Other Highlanders settled the north shore of Lake Erie in Elgin County, named after Canada’s most famous Scottish governor-general. John Kenneth Galbraith, the Harvard economist, was born and grew up on one of these farms. The Galbraiths had come over from Argyllshire, like many of their neighbors, and years later Galbraith remembered the intense concentration of Scots in Dunwich Township: “Beginning at the Currie Road were first the McPhails, and Grahams, then more Grahams, the MacFarlanes, the McKellar property, Camerons, Morrisons, Gows, Galbraiths, McCallums, more McPhails, more Morrisons, Pattersons, and among others the MacLeods.”
Life in Dunwich Township followed very much the pattern of life in Highland clan bailtean. The people were frugal, hot-tempered, prone to fight and drink heavily, but scrupulously honest. “No houses were ever locked,” Galbraith remembered, “perhaps partly because there was little in them to steal.” They paid little attention to ordinary rules about personal hygiene or polite conduct. The only important distinction was who made the most money—but that conveyed respect rather than social status. In keeping with the Scottish stereotype, no one parted with their money very easily; as Galbraith puts it, “they believed a man could love his money without being a miser.” Those who truly were misers, and left their houses in disrepair and their families in rags, were generally despised: but when their names came up, locals would refer to them as being “very Scotch.”
The opening of the interior of Canada was also a largely Scottish enterprise. In 1834 John MacLeod reached the headwaters of the Sitkine River, and in 1847 Alexander Murray built Fort Yukon on the Yukon River. Two Scottish employees of the Hudson’s Bay Company did the first complete survey of the Arctic coastline between 1837 and 1854. However, the greatest transformation of Canada came when John MacDonald launched the construction of the Canadian Pacific Railway, connecting the country from Atlantic to Pacific. It was one of the largest public-private joint ventures in history. Scots dominated the syndicate to promote its construction, from Donald Smith and his cousin George Stephen of the Bank of Montreal to London banker John Rose.

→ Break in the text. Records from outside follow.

(* Assume the hypotheses of Theorem 1 (the triangular array $\sigma_{N1}\ge\cdots\ge\sigma_{NN}>0$ with $\lim_{N\to\infty}\sigma_{N1}(\sum_n\sigma_{Nn}^{-7})(\sum_n\sigma_{Nn}^{-4})^{-3/2}=0$, and a probability density $\pi$ with $|\hat\pi(\omega)|\le C_\pi<1$ for $|\omega|\ge2$). Assume in addition that there exist $\delta,C>0$ with $|\hat\pi(\omega)|\le C|\omega|^{-\delta}$ for all $\omega\ne0$, and that there is a sequence $r_K\to0$ as $K\to\infty$ such that $\sigma_{NK}/\sigma_{N1}<r_K$ for all $N\ge K$. With $$h_N=\Big(\frac1\alpha\sum_{n=1}^N\frac{1}{(2\sigma_{Nn})^4}\int\sin^2\Big(\frac{t}{\sigma_{Nn}}\Big)\frac{\pi(t/\sigma_{N1})}{\sigma_{N1}}\,dt\Big)^{-1/4},\qquad \bar h_N=\Big(\frac1\alpha\sum_{n=1}^N\frac{1}{(2\sigma_{Nn})^4}\cdot\frac12\Big)^{-1/4},$$ we have $\bar h_N/h_N\to1$ as $N\to\infty$.
   Context: $\hat\pi(\omega)=\int e^{-i\omega t}\pi(t)\,dt$ is the Fourier transform of the integration-time density $\pi$; $\alpha>0$ is fixed. *)

theory Defs
  imports "HOL-Analysis.Analysis"
begin

definition fourier_tf :: "(real \<Rightarrow> real) \<Rightarrow> real \<Rightarrow> complex" where
  "fourier_tf p \<omega> = (LINT t|lborel. exp (- \<i> * complex_of_real (\<omega> * t)) * complex_of_real (p t))"

text \<open>Triangular array: sigma N n for 1 <= n <= N.\<close>
definition h_seq :: "real \<Rightarrow> (nat \<Rightarrow> nat \<Rightarrow> real) \<Rightarrow> (real \<Rightarrow> real) \<Rightarrow> nat \<Rightarrow> real" where
  "h_seq \<alpha> \<sigma> p N =
     ((1 / \<alpha>) * (\<Sum>n=1..N. 1 / (2 * \<sigma> N n) ^ 4 *
        (LINT t|lborel. (sin (t / \<sigma> N n))\<^sup>2 * p (t / \<sigma> N 1) / \<sigma> N 1))) powr (-1/4)"

definition hbar_seq :: "real \<Rightarrow> (nat \<Rightarrow> nat \<Rightarrow> real) \<Rightarrow> nat \<Rightarrow> real" where
  "hbar_seq \<alpha> \<sigma> N = ((1 / \<alpha>) * (\<Sum>n=1..N. 1 / (2 * \<sigma> N n) ^ 4 * (1/2))) powr (-1/4)"

end

theory Submission
  imports Defs
begin

text \<open>The substitution \<open>t = \<sigma>\<^sub>1 x\<close> and \<open>sin\<^sup>2 y = (1 - cos 2y)/2\<close> turn the integral in \<open>h\<^sub>N\<close>
  into \<open>1/2 - Re (fourier_tf p (2\<sigma>\<^sub>1/\<sigma>\<^sub>n))/2\<close>, so \<open>(hbar\<^sub>N/h\<^sub>N)\<^sup>4 = 1 - A\<^sub>N\<close>, where \<open>A\<^sub>N\<close> is the
  mean of these Fourier values with weights \<open>\<sigma>\<^sub>n\<^sup>-\<^sup>4\<close>, increasing in \<open>n\<close>. The values are bounded
  by 1, and for \<open>n \<ge> K\<close> the decay of the Fourier transform bounds them by \<open>C (r\<^sub>K/2)\<^sup>\<delta>\<close>.
  Since the weights increase, the first \<open>K - 1\<close> terms carry at most the fraction
  \<open>(K - 1)/(N - K + 1)\<close> of the total weight, so \<open>A\<^sub>N \<rightarrow> 0\<close>.\<close>

lemma fourier_tf_Re:
  assumes "p \<in> borel_measurable lborel" and "integrable lborel p"
  shows "Re (fourier_tf p \<omega>) = (LINT t|lborel. cos (\<omega> * t) * p t)"
proof -
  have "integrable lborel (\<lambda>t. exp (- \<i> * complex_of_real (\<omega> * t)) * complex_of_real (p t))"
    by (rule Bochner_Integration.integrable_bound[where f = "\<lambda>t. complex_of_real (p t)"])
       (use assms in \<open>auto simp: norm_mult norm_exp_i_times[symmetric]\<close>)
  then show ?thesis
    unfolding fourier_tf_def by (subst integral_Re[symmetric]) (auto simp: Re_exp)
qed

Its principal engineer was also a Scot, Sandford Fleming.
The building of the 3,700 mile Canadian Pacific was an epic achievement worthy of Thomas Telford. It defied obstacles and challenges as forbidding as anything the Americans faced with their transcontinental railroad. Fleming and his surveyors, engineers, and road crews had to lay track along nine hundred miles of bottomless muskeg, across the empty prairies of Manitoba and Alberta, and into the steep foothills of the Canadian Rockies. The place where Fleming decided to cross the Rockies was at Kicking Horse Pass. He and his men had to battle temperatures that plunged to thirty and forty degrees below zero, in addition to treacherous snowslides and hurricane-force winds.
When the last spike went in at Craigellachie, British Columbia, on November 7, 1885, Prime Minister John MacDonald arrived by train for the ceremony. The Canadian Pacific was his proudest achievement. It united the country geographically much as MacDonald had united it politically.
It was a Scottish governor-general, Lord Elgin,36 who first opened the door to the independence of British North America, as Canada was then called. Governor-General Elgin carried out reforms similar to those of other Scottish colonial administrators. He abolished the remnants of feudal land tenure left over from the French and built up Canada’s education system. He signed a reciprocity agreement with the United States in 1854, putting an end to the enmity and tension between the two halves of North America, which extended back to the American Revolution.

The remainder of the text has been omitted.